[Opening Records section]

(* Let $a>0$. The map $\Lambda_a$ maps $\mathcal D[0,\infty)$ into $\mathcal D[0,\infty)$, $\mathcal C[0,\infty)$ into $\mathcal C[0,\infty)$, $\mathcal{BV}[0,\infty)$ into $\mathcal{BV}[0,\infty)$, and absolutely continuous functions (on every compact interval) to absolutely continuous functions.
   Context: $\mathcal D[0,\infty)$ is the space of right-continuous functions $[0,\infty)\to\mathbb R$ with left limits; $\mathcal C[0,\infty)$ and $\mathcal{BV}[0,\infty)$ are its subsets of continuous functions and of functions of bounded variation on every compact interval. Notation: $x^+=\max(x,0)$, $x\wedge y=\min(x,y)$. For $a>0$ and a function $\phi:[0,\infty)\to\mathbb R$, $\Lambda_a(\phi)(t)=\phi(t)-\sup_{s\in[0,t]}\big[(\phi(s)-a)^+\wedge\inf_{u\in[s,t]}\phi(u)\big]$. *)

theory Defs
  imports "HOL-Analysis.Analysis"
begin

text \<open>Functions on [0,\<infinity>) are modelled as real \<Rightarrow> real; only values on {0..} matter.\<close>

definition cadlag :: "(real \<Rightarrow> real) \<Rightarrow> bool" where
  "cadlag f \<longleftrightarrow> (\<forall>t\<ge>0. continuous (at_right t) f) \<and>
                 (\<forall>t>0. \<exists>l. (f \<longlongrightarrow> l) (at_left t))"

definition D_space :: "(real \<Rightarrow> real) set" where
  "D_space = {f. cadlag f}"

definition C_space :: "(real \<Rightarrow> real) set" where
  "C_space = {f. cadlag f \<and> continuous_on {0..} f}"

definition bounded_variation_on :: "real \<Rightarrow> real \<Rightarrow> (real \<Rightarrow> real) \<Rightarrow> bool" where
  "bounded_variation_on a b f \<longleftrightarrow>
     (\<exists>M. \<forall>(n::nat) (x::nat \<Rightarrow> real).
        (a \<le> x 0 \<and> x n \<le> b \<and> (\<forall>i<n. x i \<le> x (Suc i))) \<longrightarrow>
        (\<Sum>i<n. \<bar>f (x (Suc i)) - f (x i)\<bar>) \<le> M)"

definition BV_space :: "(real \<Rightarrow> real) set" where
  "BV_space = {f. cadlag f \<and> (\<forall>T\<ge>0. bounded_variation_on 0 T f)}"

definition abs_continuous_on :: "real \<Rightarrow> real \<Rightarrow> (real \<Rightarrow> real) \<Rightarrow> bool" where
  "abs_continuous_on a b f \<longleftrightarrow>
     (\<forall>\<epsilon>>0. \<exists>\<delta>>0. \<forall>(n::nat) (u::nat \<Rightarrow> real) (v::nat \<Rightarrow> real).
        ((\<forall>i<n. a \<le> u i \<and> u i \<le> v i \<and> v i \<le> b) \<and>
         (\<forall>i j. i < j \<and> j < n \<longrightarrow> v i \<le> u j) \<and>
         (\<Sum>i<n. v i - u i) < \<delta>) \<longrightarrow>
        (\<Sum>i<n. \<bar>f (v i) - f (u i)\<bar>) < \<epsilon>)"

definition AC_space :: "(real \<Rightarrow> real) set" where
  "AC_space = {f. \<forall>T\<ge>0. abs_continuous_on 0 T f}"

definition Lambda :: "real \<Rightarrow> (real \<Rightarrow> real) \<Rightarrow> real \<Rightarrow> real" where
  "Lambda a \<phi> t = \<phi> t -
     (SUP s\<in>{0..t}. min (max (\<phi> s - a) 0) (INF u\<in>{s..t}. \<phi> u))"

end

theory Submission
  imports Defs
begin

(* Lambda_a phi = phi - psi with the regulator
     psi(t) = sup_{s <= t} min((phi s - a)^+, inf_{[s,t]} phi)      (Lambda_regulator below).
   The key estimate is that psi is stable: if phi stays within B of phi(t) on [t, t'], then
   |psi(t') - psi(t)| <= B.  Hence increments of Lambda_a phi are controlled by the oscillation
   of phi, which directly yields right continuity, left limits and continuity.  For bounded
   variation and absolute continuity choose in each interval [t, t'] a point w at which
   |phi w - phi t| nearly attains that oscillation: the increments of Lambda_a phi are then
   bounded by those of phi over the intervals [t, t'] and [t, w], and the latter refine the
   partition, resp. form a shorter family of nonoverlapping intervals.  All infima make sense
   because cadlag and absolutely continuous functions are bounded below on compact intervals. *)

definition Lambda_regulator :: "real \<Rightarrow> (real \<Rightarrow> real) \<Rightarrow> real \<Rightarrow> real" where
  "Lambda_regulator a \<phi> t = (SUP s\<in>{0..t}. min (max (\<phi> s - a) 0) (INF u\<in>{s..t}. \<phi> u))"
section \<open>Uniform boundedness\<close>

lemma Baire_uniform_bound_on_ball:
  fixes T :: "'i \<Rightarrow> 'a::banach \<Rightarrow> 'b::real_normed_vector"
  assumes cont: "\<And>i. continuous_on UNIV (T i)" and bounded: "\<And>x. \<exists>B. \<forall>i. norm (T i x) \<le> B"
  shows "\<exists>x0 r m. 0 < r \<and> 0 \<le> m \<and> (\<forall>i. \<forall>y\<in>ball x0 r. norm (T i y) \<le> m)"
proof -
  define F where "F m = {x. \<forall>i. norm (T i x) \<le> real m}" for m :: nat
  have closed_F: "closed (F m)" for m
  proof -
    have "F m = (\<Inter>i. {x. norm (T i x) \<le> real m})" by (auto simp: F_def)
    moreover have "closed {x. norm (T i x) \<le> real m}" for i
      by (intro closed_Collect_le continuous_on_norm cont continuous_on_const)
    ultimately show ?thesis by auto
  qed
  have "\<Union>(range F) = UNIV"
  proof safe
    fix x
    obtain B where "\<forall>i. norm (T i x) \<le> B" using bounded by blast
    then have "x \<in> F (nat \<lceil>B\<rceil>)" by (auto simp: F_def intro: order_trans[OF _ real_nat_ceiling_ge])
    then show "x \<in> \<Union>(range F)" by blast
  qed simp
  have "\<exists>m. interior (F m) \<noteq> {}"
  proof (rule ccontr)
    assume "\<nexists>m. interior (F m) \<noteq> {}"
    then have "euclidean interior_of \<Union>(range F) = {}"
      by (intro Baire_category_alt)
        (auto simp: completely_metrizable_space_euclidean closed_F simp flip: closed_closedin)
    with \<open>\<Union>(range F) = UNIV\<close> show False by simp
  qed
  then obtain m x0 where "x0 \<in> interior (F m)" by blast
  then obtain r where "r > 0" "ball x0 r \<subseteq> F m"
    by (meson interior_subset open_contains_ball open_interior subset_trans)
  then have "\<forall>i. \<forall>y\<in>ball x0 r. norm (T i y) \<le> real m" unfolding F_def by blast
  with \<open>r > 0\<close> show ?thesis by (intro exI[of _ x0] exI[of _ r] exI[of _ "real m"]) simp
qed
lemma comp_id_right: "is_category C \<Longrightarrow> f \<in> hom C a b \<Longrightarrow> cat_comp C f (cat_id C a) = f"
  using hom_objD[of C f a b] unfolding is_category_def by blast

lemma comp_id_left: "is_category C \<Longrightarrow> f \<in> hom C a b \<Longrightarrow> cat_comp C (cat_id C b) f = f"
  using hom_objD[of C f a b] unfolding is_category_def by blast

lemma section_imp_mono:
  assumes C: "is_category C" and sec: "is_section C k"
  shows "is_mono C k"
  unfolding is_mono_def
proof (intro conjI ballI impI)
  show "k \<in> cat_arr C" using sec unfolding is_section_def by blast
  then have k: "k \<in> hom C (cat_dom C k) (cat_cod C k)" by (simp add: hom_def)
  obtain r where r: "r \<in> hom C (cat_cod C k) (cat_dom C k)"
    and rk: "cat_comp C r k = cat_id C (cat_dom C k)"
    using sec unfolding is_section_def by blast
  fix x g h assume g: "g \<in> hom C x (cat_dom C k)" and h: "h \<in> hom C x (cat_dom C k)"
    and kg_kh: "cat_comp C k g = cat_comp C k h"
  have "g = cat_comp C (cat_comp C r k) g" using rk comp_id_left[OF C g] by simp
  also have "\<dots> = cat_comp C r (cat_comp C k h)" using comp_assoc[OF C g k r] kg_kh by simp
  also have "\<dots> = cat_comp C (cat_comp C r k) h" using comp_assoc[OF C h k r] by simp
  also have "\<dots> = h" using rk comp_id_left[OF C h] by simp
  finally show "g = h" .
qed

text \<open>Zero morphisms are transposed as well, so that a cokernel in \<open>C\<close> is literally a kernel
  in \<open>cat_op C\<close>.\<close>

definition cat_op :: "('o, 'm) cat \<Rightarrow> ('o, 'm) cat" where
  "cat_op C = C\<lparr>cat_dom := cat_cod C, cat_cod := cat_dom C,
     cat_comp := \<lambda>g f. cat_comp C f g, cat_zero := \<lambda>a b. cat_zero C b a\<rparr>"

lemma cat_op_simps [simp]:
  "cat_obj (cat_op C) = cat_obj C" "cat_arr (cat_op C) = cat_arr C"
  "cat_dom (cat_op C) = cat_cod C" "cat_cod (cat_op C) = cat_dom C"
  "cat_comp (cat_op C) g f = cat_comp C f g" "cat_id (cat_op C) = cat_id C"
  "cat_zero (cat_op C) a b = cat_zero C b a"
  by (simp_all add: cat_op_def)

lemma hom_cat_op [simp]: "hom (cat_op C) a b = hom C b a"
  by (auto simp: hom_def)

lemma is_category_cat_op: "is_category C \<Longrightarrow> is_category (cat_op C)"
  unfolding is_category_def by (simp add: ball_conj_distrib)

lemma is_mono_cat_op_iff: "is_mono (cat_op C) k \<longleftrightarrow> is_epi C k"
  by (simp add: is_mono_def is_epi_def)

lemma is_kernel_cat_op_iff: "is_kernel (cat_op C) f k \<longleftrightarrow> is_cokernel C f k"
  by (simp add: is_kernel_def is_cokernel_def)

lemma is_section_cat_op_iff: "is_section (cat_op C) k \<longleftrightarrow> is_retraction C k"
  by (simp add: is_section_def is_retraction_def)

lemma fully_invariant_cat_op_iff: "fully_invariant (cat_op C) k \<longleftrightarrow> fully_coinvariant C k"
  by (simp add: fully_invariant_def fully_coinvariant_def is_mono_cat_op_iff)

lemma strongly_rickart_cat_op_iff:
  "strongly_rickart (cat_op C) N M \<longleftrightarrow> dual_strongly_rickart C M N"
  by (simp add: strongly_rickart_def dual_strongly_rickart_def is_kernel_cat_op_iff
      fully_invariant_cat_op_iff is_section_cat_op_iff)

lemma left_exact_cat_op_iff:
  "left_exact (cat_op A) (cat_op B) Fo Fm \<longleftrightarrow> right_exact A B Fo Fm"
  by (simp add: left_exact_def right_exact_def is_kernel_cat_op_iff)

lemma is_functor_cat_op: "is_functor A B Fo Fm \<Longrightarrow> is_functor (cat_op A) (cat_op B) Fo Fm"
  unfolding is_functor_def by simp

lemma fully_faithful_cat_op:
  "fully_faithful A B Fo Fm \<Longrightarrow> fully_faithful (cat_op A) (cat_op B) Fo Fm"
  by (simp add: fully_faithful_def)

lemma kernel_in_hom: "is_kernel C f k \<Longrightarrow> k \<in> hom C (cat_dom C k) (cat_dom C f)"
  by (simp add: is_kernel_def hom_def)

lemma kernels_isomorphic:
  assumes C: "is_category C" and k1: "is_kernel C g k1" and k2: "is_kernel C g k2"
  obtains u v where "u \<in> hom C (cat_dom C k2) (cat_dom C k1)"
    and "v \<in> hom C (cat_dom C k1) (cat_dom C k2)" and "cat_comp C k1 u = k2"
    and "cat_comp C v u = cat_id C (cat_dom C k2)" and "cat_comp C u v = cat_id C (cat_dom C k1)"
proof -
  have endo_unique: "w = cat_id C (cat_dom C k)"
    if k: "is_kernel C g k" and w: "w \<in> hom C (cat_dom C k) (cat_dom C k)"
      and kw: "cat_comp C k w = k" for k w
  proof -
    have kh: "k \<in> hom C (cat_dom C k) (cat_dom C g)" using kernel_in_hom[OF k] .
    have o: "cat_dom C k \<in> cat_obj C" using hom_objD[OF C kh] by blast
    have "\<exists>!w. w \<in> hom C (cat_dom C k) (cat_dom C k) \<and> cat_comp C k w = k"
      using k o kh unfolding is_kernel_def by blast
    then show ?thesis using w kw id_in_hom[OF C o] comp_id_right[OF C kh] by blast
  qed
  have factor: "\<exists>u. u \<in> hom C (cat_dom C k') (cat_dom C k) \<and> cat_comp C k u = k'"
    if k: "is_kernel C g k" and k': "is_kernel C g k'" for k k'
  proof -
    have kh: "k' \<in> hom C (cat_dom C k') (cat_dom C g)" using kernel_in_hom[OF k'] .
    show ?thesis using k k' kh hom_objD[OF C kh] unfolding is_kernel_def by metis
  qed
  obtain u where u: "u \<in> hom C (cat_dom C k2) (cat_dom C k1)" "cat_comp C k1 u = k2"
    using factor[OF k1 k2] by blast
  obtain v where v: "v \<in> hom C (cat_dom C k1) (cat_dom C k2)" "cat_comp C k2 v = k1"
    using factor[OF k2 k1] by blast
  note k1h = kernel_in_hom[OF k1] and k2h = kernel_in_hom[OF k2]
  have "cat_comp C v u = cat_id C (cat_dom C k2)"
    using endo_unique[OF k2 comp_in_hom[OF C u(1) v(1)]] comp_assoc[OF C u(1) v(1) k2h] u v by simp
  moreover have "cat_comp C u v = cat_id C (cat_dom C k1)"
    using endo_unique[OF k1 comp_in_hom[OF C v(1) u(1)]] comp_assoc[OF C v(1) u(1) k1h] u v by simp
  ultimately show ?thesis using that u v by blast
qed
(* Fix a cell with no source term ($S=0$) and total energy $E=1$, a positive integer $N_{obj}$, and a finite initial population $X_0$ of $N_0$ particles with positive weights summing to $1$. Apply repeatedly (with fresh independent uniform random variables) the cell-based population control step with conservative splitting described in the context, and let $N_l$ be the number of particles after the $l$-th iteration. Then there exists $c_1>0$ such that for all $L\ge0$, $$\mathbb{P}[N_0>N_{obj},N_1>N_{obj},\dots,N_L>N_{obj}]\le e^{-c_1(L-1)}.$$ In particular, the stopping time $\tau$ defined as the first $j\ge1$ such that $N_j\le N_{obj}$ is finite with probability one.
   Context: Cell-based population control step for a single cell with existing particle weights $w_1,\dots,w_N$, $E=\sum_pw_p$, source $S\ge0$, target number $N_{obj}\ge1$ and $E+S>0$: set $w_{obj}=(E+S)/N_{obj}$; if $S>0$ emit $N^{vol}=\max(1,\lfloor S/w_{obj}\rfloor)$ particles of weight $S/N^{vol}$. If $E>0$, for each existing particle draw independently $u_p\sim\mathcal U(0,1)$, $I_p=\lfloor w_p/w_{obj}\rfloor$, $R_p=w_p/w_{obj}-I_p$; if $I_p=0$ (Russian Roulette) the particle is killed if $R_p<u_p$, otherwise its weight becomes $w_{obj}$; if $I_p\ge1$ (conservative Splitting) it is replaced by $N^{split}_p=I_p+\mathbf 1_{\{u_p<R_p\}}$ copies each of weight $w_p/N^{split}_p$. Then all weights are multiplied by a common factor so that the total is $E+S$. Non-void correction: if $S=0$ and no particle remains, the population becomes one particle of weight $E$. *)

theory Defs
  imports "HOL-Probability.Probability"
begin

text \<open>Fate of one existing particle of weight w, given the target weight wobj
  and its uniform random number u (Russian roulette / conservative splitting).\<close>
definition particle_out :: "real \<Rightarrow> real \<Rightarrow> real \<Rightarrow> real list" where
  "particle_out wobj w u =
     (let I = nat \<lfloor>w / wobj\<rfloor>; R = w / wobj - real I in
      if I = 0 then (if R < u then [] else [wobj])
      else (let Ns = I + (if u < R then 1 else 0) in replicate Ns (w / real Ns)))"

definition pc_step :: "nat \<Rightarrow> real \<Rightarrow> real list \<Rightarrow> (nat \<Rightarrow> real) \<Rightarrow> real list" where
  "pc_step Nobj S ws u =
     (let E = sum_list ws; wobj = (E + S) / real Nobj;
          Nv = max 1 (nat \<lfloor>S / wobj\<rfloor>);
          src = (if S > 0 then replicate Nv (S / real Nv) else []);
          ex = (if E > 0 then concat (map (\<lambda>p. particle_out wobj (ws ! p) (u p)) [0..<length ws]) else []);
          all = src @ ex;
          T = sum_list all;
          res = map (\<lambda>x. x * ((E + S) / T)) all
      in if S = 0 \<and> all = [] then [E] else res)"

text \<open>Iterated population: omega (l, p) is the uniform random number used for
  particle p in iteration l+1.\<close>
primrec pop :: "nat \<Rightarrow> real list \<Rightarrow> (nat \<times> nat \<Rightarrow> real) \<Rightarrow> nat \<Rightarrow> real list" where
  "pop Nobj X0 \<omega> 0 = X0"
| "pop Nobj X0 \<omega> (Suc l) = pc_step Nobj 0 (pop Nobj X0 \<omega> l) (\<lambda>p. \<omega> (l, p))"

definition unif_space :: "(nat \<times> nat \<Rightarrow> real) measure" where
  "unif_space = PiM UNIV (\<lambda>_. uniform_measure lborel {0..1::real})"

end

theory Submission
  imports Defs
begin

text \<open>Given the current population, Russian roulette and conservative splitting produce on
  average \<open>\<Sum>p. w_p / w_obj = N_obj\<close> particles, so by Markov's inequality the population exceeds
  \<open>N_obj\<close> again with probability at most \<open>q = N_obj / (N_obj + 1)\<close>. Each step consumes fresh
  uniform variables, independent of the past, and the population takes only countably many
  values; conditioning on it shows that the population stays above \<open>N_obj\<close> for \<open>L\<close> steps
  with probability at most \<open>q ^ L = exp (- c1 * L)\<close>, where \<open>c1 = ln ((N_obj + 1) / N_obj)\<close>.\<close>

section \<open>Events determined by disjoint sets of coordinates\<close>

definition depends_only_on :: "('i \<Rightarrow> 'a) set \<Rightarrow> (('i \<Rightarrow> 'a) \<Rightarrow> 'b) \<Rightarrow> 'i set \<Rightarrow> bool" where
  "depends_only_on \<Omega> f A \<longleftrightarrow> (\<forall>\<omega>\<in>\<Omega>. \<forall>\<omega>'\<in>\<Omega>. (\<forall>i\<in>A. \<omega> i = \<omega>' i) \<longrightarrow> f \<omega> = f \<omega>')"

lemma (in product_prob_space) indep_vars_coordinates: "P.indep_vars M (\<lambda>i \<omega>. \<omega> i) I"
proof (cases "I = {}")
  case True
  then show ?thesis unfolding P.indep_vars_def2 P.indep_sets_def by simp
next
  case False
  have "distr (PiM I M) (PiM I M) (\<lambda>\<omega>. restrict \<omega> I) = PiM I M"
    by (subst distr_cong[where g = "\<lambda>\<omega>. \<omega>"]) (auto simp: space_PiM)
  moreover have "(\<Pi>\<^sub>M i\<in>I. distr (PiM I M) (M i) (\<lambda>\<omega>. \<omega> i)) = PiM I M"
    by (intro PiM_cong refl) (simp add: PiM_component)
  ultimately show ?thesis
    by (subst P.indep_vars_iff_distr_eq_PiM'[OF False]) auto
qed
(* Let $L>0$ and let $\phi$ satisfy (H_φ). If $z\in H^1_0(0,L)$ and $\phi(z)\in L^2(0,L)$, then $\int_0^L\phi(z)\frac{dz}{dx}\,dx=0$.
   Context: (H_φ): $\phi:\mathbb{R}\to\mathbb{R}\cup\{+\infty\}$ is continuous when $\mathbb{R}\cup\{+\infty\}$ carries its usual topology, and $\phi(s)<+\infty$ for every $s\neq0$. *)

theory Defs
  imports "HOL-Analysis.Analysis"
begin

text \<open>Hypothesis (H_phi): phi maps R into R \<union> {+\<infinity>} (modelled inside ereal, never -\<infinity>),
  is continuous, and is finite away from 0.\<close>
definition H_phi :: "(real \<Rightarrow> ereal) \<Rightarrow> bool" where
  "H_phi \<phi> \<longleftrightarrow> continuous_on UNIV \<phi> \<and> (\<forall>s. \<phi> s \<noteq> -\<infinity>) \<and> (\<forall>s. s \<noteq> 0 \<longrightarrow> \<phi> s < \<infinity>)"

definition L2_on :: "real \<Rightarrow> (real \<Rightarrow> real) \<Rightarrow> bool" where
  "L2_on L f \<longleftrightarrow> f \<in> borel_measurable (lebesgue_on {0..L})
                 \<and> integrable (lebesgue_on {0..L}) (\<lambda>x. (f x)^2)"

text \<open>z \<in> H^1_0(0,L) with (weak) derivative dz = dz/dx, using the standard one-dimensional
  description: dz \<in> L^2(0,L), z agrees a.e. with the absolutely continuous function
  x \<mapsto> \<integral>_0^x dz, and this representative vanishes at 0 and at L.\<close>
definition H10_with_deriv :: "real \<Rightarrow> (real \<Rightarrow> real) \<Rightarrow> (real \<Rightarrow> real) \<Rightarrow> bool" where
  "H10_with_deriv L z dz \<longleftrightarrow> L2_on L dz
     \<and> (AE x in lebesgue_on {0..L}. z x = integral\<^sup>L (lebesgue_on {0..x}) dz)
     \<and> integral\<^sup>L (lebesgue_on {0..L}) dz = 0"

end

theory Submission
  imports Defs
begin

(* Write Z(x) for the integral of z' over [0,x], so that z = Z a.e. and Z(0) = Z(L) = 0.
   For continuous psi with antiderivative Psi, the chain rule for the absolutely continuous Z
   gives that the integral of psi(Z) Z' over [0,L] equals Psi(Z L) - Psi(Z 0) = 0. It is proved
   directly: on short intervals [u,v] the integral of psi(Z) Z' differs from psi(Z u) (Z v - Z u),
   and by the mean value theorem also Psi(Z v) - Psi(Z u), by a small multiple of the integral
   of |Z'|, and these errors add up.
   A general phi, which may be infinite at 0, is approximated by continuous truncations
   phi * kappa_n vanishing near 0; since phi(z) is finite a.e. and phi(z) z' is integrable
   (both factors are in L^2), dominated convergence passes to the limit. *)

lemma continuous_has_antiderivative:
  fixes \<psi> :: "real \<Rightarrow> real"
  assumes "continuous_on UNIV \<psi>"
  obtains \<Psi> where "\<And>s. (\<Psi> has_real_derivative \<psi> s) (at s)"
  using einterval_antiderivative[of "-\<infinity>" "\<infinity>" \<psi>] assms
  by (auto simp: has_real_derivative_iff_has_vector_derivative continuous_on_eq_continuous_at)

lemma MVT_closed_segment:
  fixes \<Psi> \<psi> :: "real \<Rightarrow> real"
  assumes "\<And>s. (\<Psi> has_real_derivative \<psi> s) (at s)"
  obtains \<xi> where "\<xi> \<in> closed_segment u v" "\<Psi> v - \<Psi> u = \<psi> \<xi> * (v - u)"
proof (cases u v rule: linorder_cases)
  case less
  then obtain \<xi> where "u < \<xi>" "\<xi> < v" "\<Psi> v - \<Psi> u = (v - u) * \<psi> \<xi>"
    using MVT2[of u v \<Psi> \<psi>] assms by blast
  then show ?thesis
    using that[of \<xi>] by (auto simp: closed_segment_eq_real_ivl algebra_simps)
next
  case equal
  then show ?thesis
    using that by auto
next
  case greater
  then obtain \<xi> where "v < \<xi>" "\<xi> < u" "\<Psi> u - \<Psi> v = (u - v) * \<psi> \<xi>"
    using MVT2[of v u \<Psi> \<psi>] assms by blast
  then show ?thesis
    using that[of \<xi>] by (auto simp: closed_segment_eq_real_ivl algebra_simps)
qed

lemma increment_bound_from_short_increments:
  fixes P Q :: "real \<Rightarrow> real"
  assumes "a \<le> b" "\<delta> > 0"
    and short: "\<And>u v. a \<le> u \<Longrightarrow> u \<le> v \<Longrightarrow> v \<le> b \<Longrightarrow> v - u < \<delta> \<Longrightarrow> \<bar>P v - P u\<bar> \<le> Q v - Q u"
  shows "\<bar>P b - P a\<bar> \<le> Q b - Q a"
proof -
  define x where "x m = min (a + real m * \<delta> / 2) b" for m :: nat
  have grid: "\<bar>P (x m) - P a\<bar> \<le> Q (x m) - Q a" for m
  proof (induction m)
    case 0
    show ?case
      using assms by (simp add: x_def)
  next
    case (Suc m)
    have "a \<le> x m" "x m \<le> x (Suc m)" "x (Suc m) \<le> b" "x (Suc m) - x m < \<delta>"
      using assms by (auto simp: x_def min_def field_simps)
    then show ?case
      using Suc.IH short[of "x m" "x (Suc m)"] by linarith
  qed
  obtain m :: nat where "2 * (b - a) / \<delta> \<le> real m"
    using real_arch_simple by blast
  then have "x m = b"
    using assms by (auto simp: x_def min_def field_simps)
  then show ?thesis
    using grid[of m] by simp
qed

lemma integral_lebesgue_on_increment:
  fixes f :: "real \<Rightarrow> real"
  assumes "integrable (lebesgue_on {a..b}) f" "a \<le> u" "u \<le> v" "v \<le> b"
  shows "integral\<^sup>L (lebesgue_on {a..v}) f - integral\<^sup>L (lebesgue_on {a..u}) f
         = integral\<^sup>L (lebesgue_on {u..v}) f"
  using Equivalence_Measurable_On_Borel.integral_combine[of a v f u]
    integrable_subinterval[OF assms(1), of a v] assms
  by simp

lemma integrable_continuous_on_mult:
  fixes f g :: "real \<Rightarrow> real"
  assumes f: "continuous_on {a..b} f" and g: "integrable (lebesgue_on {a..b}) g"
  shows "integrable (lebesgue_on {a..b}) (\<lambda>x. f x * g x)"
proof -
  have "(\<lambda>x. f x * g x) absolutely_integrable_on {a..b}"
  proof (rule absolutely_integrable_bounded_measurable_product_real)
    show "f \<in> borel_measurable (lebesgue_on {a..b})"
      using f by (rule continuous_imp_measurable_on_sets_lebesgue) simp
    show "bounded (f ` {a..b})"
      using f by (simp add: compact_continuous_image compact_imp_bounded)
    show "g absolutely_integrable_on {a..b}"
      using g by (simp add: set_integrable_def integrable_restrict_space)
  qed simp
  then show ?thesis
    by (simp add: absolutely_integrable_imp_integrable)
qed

[Closing Records section]

» About this exercise:
Your task is to gather all lines from the entries above that hold the word "random".

» Written response:
(* Fix a cell with no source term ($S=0$) and total energy $E=1$, a positive integer $N_{obj}$, and a finite initial population $X_0$ of $N_0$ particles with positive weights summing to $1$. Apply repeatedly (with fresh independent uniform random variables) the cell-based population control step with conservative splitting described in the context, and let $N_l$ be the number of particles after the $l$-th iteration. Then there exists $c_1>0$ such that for all $L\ge0$, $$\mathbb{P}[N_0>N_{obj},N_1>N_{obj},\dots,N_L>N_{obj}]\le e^{-c_1(L-1)}.$$ In particular, the stopping time $\tau$ defined as the first $j\ge1$ such that $N_j\le N_{obj}$ is finite with probability one.
  and its uniform random number u (Russian roulette / conservative splitting).\<close>
text \<open>Iterated population: omega (l, p) is the uniform random number used for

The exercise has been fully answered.